Microbes cause pendulum to swing toward excess inflammation

“Our study shows that, in mice, the peaceful relationship between the microbiota and the immune system can be profoundly affected” by treatment with an immune checkpoint inhibitor, Dr. Belkaid said.

It raises the possibility that exposure to new microorganisms in the skin and other parts of the body, such as the gut, may lead to inflammation if checkpoint inhibitor treatment is started around the same time, Dr. Gulley said.

“It’s intriguing to see how, in this mouse model, you can cause the pendulum to swing toward too much inflammation” in response to the skin microbiota, Dr. Kong said. It would be interesting to see if the same effects occur in wild mice, whose immune systems are more similar to the human immune system, she added.

Ultimately, Dr. Belkaid emphasized, studies in patients treated with immune checkpoint inhibitors are needed to see if these findings in mice reflect what happens in humans. The study’s lead investigator, Z. Ian Hu, M.D., Ph.D., a former NCI clinical research fellow who is now at Washington University in St. Louis, hopes to pursue such research.

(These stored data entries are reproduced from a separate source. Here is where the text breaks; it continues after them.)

(* Let $\mathcal{D}(\rho)=(1-p)\rho+pX\rho X$ be a bit-flip channel and $\mathcal{E}(\rho)=(1-q)\rho+qZ\rho Z$ a phase-flip channel, $p,q\in[0,1]$. The entanglement-assisted classical communication capacity over a quantum trajectory is $$C_{\text{E,Q}}=2+H(\alpha)+(1-p)(1-q)\log_2[(1-p)(1-q)]+p(1-q)\log_2[p(1-q)]+(1-p)q\log_2[(1-p)q]+pq\log_2(pq),$$ where $\alpha=1-pq$ and $H(\alpha)=-\alpha\log_2\alpha-(1-\alpha)\log_2(1-\alpha)$.
   Context: $X,Y,Z$ are Pauli matrices, $\sigma_0=I,\sigma_1=X,\sigma_2=Y,\sigma_3=Z$, $|\pm\rangle=(|0\rangle\pm|1\rangle)/\sqrt2$, $0\log_2 0=0$. For a Pauli channel $\mathcal{N}(\rho)=\sum_i r_i\sigma_i\rho\sigma_i$, the entanglement-assisted classical capacity (superdense coding, pre-shared EPR pair, equiprobable inputs) is $C_E(\mathcal{N})=2+\sum_i r_i\log_2 r_i$. Quantum trajectory: given Kraus operators $\{D_i\}$ of $\mathcal{D}$ and $\{E_j\}$ of $\mathcal{E}$ (here multiples of Pauli matrices), the switched channel on data $\rho$ and control $\omega=|+\rangle\langle+|$ is $\sum_{i,j}W_{i,j}(\rho\otimes\omega)W_{i,j}^\dagger$ with $W_{i,j}=E_jD_i\otimes|0\rangle\langle0|+D_iE_j\otimes|1\rangle\langle1|$. Its output has the form $p_+\mathcal{S}_+(\rho)\otimes|+\rangle\langle+|+p_-\mathcal{S}_-(\rho)\otimes|-\rangle\langle-|$ (commuting Kraus pairs go to the $|+\rangle$ branch, anticommuting pairs to the $|-\rangle$ branch), with $\mathcal{S}_\pm$ normalized Pauli channels; the capacity is defined as $C_{\text{E,Q}}=p_+C_E(\mathcal{S}_+)+p_-C_E(\mathcal{S}_-)$. *)

theory Defs
  imports Complex_Main "Jordan_Normal_Form.Matrix"
begin

fun pauli :: "nat \<Rightarrow> complex mat" where
  "pauli 0 = mat_of_rows_list 2 [[1, 0], [0, 1]]"
| "pauli (Suc 0) = mat_of_rows_list 2 [[0, 1], [1, 0]]"
| "pauli (Suc (Suc 0)) = mat_of_rows_list 2 [[0, - \<i>], [\<i>, 0]]"
| "pauli _ = mat_of_rows_list 2 [[1, 0], [0, -1]]"

definition mat_trace2 :: "complex mat \<Rightarrow> complex" where
  "mat_trace2 K = K $$ (0,0) + K $$ (1,1)"

definition bitflip_kraus :: "real \<Rightarrow> complex mat list" where
  "bitflip_kraus p = [complex_of_real (sqrt (1 - p)) \<cdot>\<^sub>m pauli 0,
                      complex_of_real (sqrt p) \<cdot>\<^sub>m pauli 1]"

definition phaseflip_kraus :: "real \<Rightarrow> complex mat list" where
  "phaseflip_kraus q = [complex_of_real (sqrt (1 - q)) \<cdot>\<^sub>m pauli 0,
                        complex_of_real (sqrt q) \<cdot>\<^sub>m pauli 3]"

(* Data-space Kraus operators of the quantum trajectory, projected on control |+> (s = 1)
   or |-> (s = -1): with W_ij = E_j D_i (x) |0><0| + D_i E_j (x) |1><1| and control |+>,
   the |+-> component is (E_j D_i +- D_i E_j)/2 (times an overall 1/sqrt 2 * sqrt 2 = 1). *)
definition branch_kraus :: "complex \<Rightarrow> complex mat list \<Rightarrow> complex mat list \<Rightarrow> complex mat list" where
  "branch_kraus s Ds Es = [(1/2) \<cdot>\<^sub>m (E * D + s \<cdot>\<^sub>m (D * E)). D \<leftarrow> Ds, E \<leftarrow> Es]"

definition pauli_coeff :: "nat \<Rightarrow> complex mat \<Rightarrow> complex" where
  "pauli_coeff c K = mat_trace2 (pauli c * K) / 2"

(* unnormalised weight of sigma_c rho sigma_c in the branch channel (Kraus ops are Pauli multiples) *)
definition branch_weight :: "complex mat list \<Rightarrow> nat \<Rightarrow> real" where
  "branch_weight Ks c = (\<Sum>K\<leftarrow>Ks. (cmod (pauli_coeff c K))\<^sup>2)"

definition branch_prob :: "complex mat list \<Rightarrow> real" where
  "branch_prob Ks = (\<Sum>c<4. branch_weight Ks c)"

definition plogp :: "real \<Rightarrow> real" where
  "plogp x = (if x = 0 then 0 else x * log 2 x)"

(* entanglement-assisted capacity of the Pauli channel with probabilities r_0..r_3 *)
definition CE_pauli :: "(nat \<Rightarrow> real) \<Rightarrow> real" where
  "CE_pauli r = 2 + (\<Sum>i<4. plogp (r i))"

definition CEQ :: "complex mat list \<Rightarrow> complex mat list \<Rightarrow> real" where
  "CEQ Ds Es =
     (let Kp = branch_kraus 1 Ds Es; Km = branch_kraus (-1) Ds Es;
          pp = branch_prob Kp; pm = branch_prob Km
      in pp * CE_pauli (\<lambda>c. branch_weight Kp c / pp)
       + pm * CE_pauli (\<lambda>c. branch_weight Km c / pm))"

definition bin_entropy :: "real \<Rightarrow> real" where
  "bin_entropy a = - plogp a - plogp (1 - a)"

end

theory Submission
  imports Defs
begin

text \<open>Since the bit flip X and the phase flip Z anticommute, the trajectory sends the three
  commuting Kraus pairs (I,I), (I,Z), (X,I) to the control state |+> and the single
  anticommuting pair (X,Z) to |->, where it acts as i Y. Hence p_+ = 1 - pq, p_- = pq,
  and the unnormalised Pauli weights of the two branches are the products of the weights of
  D and E. Writing p_+ C_E(S_+) + p_- C_E(S_-) in terms of unnormalised weights produces
  the entropy of the branch distribution (p_+, p_-) plus the sum of all plogp of the weights.\<close>

abbreviation mat2 :: "complex \<Rightarrow> complex \<Rightarrow> complex \<Rightarrow> complex \<Rightarrow> complex mat" where
  "mat2 a b c d \<equiv> mat_of_rows_list 2 [[a, b], [c, d]]"

lemma mat2_index:
  "i < 2 \<Longrightarrow> j < 2 \<Longrightarrow>
     mat2 a b c d $$ (i, j) = (if i = 0 then (if j = 0 then a else b) else (if j = 0 then c else d))"
  by (auto simp: mat_of_rows_list_def less_2_cases_iff)

lemma mat2_dims [simp]: "dim_row (mat2 a b c d) = 2" "dim_col (mat2 a b c d) = 2"
  by (auto simp: mat_of_rows_list_def)

lemma mat2_mult [simp]:
  "mat2 a b c d * mat2 e f g h = mat2 (a*e + b*g) (a*f + b*h) (c*e + d*g) (c*f + d*h)"
proof -
  have sum_2: "(\<Sum>k = 0..<2. u k) = u 0 + u (1::nat)" for u :: "nat \<Rightarrow> complex"
    by (simp add: numeral_2_eq_2)
  show ?thesis
    by (rule eq_matI)
      (auto simp: mat2_index less_2_cases_iff scalar_prod_def row_def col_def sum_2)
qed

lemma mat2_smult [simp]: "x \<cdot>\<^sub>m mat2 a b c d = mat2 (x*a) (x*b) (x*c) (x*d)"
  by (rule eq_matI) (auto simp: mat2_index less_2_cases_iff)

lemma mat2_add [simp]: "mat2 a b c d + mat2 e f g h = mat2 (a + e) (b + f) (c + g) (d + h)"
  by (rule eq_matI) (auto simp: mat2_index less_2_cases_iff)

lemma mat_trace2_mat2 [simp]: "mat_trace2 (mat2 a b c d) = a + d"
  by (simp add: mat_trace2_def mat2_index)

lemma pauli_mat2:
  "pauli 0 = mat2 1 0 0 1" "pauli 1 = mat2 0 1 1 0"
  "pauli 2 = mat2 0 (- \<i>) \<i> 0" "pauli 3 = mat2 1 0 0 (- 1)"
  by (simp_all add: numeral_eq_Suc)

lemma pauli_coeff_smult_pauli:
  assumes "c < 4" "k < 4"
  shows "pauli_coeff c (a \<cdot>\<^sub>m pauli k) = (if c = k then a else 0)"
proof -
  have "c \<in> {0, 1, 2, 3}" "k \<in> {0, 1, 2, 3}"
    using assms by auto
  then show ?thesis
    by (auto simp: pauli_coeff_def pauli_mat2)
qed

lemma branch_weight_Nil: "branch_weight [] c = 0"
  by (simp add: branch_weight_def)

lemma branch_weight_Cons_smult_pauli:
  assumes "k < 4" "c < 4"
  shows "branch_weight (a \<cdot>\<^sub>m pauli k # Ks) c =
           (if k = c then (cmod a)\<^sup>2 else 0) + branch_weight Ks c"
  using assms by (simp add: branch_weight_def pauli_coeff_smult_pauli)

lemma branch_kraus_bitflip_phaseflip:
  "branch_kraus s (bitflip_kraus p) (phaseflip_kraus q) =
     [((1 + s) / 2 * sqrt ((1 - p) * (1 - q))) \<cdot>\<^sub>m pauli 0,
      ((1 + s) / 2 * sqrt ((1 - p) * q)) \<cdot>\<^sub>m pauli 3,
      ((1 + s) / 2 * sqrt (p * (1 - q))) \<cdot>\<^sub>m pauli 1,
      ((1 - s) / 2 * \<i> * sqrt (p * q)) \<cdot>\<^sub>m pauli 2]"
  unfolding real_sqrt_mult of_real_mult
  by (simp add: branch_kraus_def bitflip_kraus_def phaseflip_kraus_def pauli_mat2 field_simps)

lemma bitflip_phaseflip_branch_weights:
  fixes p q :: real
  assumes "0 \<le> p" "p \<le> 1" "0 \<le> q" "q \<le> 1"
  defines "Kp \<equiv> branch_kraus 1 (bitflip_kraus p) (phaseflip_kraus q)"
    and "Km \<equiv> branch_kraus (- 1) (bitflip_kraus p) (phaseflip_kraus q)"
  shows "branch_weight Kp 0 = (1 - p) * (1 - q)" "branch_weight Kp 1 = p * (1 - q)"
    "branch_weight Kp 2 = 0" "branch_weight Kp 3 = (1 - p) * q"
    "branch_weight Km 0 = 0" "branch_weight Km 1 = 0"
    "branch_weight Km 2 = p * q" "branch_weight Km 3 = 0"
  using assms
  by (simp_all add: branch_kraus_bitflip_phaseflip branch_weight_Cons_smult_pauli branch_weight_Nil
      norm_mult del: pauli.simps)

lemma sum_lessThan_4:
  fixes f :: "nat \<Rightarrow> 'a :: comm_monoid_add"
  shows "(\<Sum>c<4. f c) = f 0 + f 1 + f 2 + f 3"
  by (simp add: numeral_eq_Suc add.assoc)

lemma plogp_divide:
  assumes "x \<ge> 0" "P > 0"
  shows "P * plogp (x / P) = plogp x - x * log 2 P"
  using assms by (simp add: plogp_def log_divide algebra_simps)

lemma mult_CE_pauli_normalized:
  assumes w: "\<And>c. w c \<ge> 0" and P: "P = (\<Sum>c<4. w c)"
  shows "P * CE_pauli (\<lambda>c. w c / P) = 2 * P + (\<Sum>c<4. plogp (w c)) - plogp P"
proof (cases "P = 0")
  case True
  then have "\<forall>c\<in>{..<4}. w c = 0"
    using P w by (simp add: sum_nonneg_eq_0_iff)
  then show ?thesis
    using True by (simp add: plogp_def)
next
  case False
  then have P_pos: "P > 0"
    using P w by (metis less_eq_real_def sum_nonneg)
  have "P * CE_pauli (\<lambda>c. w c / P) = 2 * P + (\<Sum>c<4. P * plogp (w c / P))"
    by (simp add: CE_pauli_def algebra_simps sum_distrib_left)
  also have "\<dots> = 2 * P + (\<Sum>c<4. plogp (w c) - w c * log 2 P)"
    using plogp_divide[OF w P_pos] by simp
  also have "\<dots> = 2 * P + (\<Sum>c<4. plogp (w c)) - P * log 2 P"
    by (simp add: sum_subtractf P sum_distrib_right)
  finally show ?thesis
    using P_pos by (simp add: plogp_def)
qed

lemma branch_weight_nonneg: "branch_weight Ks c \<ge> 0"
  unfolding branch_weight_def by (rule sum_list_nonneg) auto

lemma CEQ_eq_entropy_plus_plogp_weights:
  fixes Ds Es :: "complex mat list"
  defines "Kp \<equiv> branch_kraus 1 Ds Es" and "Km \<equiv> branch_kraus (- 1) Ds Es"
  assumes "branch_prob Kp + branch_prob Km = 1"
  shows "CEQ Ds Es = 2 + bin_entropy (branch_prob Kp)
           + (\<Sum>c<4. plogp (branch_weight Kp c)) + (\<Sum>c<4. plogp (branch_weight Km c))"
proof -
  have "branch_prob K * CE_pauli (\<lambda>c. branch_weight K c / branch_prob K) =
          2 * branch_prob K + (\<Sum>c<4. plogp (branch_weight K c)) - plogp (branch_prob K)" for K
    by (rule mult_CE_pauli_normalized[OF branch_weight_nonneg branch_prob_def])
  moreover have "branch_prob Km = 1 - branch_prob Kp"
    using assms(3) by simp
  ultimately show ?thesis
    by (simp add: CEQ_def Let_def bin_entropy_def flip: Kp_def Km_def)
qed

theorem corollary2:
  fixes p q :: real
  assumes "0 \<le> p" "p \<le> 1" "0 \<le> q" "q \<le> 1"
  shows "CEQ (bitflip_kraus p) (phaseflip_kraus q) =
           2 + bin_entropy (1 - p * q)
           + plogp ((1 - p) * (1 - q)) + plogp (p * (1 - q))
           + plogp ((1 - p) * q) + plogp (p * q)"
proof -
  note weights = bitflip_phaseflip_branch_weights[OF assms]
  let ?Kp = "branch_kraus 1 (bitflip_kraus p) (phaseflip_kraus q)"
  let ?Km = "branch_kraus (- 1) (bitflip_kraus p) (phaseflip_kraus q)"
  have prob_plus: "branch_prob ?Kp = 1 - p * q"
    unfolding branch_prob_def sum_lessThan_4 weights by (simp add: algebra_simps)
  have prob_minus: "branch_prob ?Km = p * q"
    unfolding branch_prob_def sum_lessThan_4 weights by simp
  have plogp_plus: "(\<Sum>c<4. plogp (branch_weight ?Kp c)) =
      plogp ((1 - p) * (1 - q)) + plogp (p * (1 - q)) + plogp ((1 - p) * q)"
    unfolding sum_lessThan_4 weights by (simp add: plogp_def)
  have plogp_minus: "(\<Sum>c<4. plogp (branch_weight ?Km c)) = plogp (p * q)"
    unfolding sum_lessThan_4 weights by (simp add: plogp_def)
  show ?thesis
    using CEQ_eq_entropy_plus_plogp_weights[of "bitflip_kraus p" "phaseflip_kraus q"]
    unfolding prob_plus prob_minus plogp_plus plogp_minus by simp
qed

end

For instance, the team wrote, future studies could look at the composition of the skin microbiota in patients before and during immune checkpoint inhibitor treatment to find out how changes in the microbiota influence the severity and development of skin side effects.

“This study opens up a new series of questions that can form testable hypotheses,” Dr. Gulley said. 

Another important question is whether the results apply to immune-related side effects of checkpoint inhibitors in other organs besides skin, such as inflammation of the colon (colitis), which is more serious than most skin side effects seen with the drugs.

It also remains to be seen whether similar effects are seen with other commonly used immune checkpoint inhibitors, such as pembrolizumab (Keytruda) and atezolizumab (Tecentriq), which have different molecular targets than ipilimumab.

If the effects of immune checkpoint inhibition that Dr. Belkaid’s team observed in mice also occur in humans, Dr. Gulley said, it may be possible to prevent or treat immune-related side effects of checkpoint inhibitors by blocking the effects of IL-17. A medication that blocks IL-17 is already used to treat psoriasis and some types of arthritis.

Finally, he said, another question is whether ensuring that people have a diverse microbiota before starting checkpoint inhibitor therapy could reduce the risk of immune-related side effects by lessening the chances of acquiring new microbes. Studies suggest that exercising or eating a high-fiber diet, for example, can increase the diversity of the microbiota.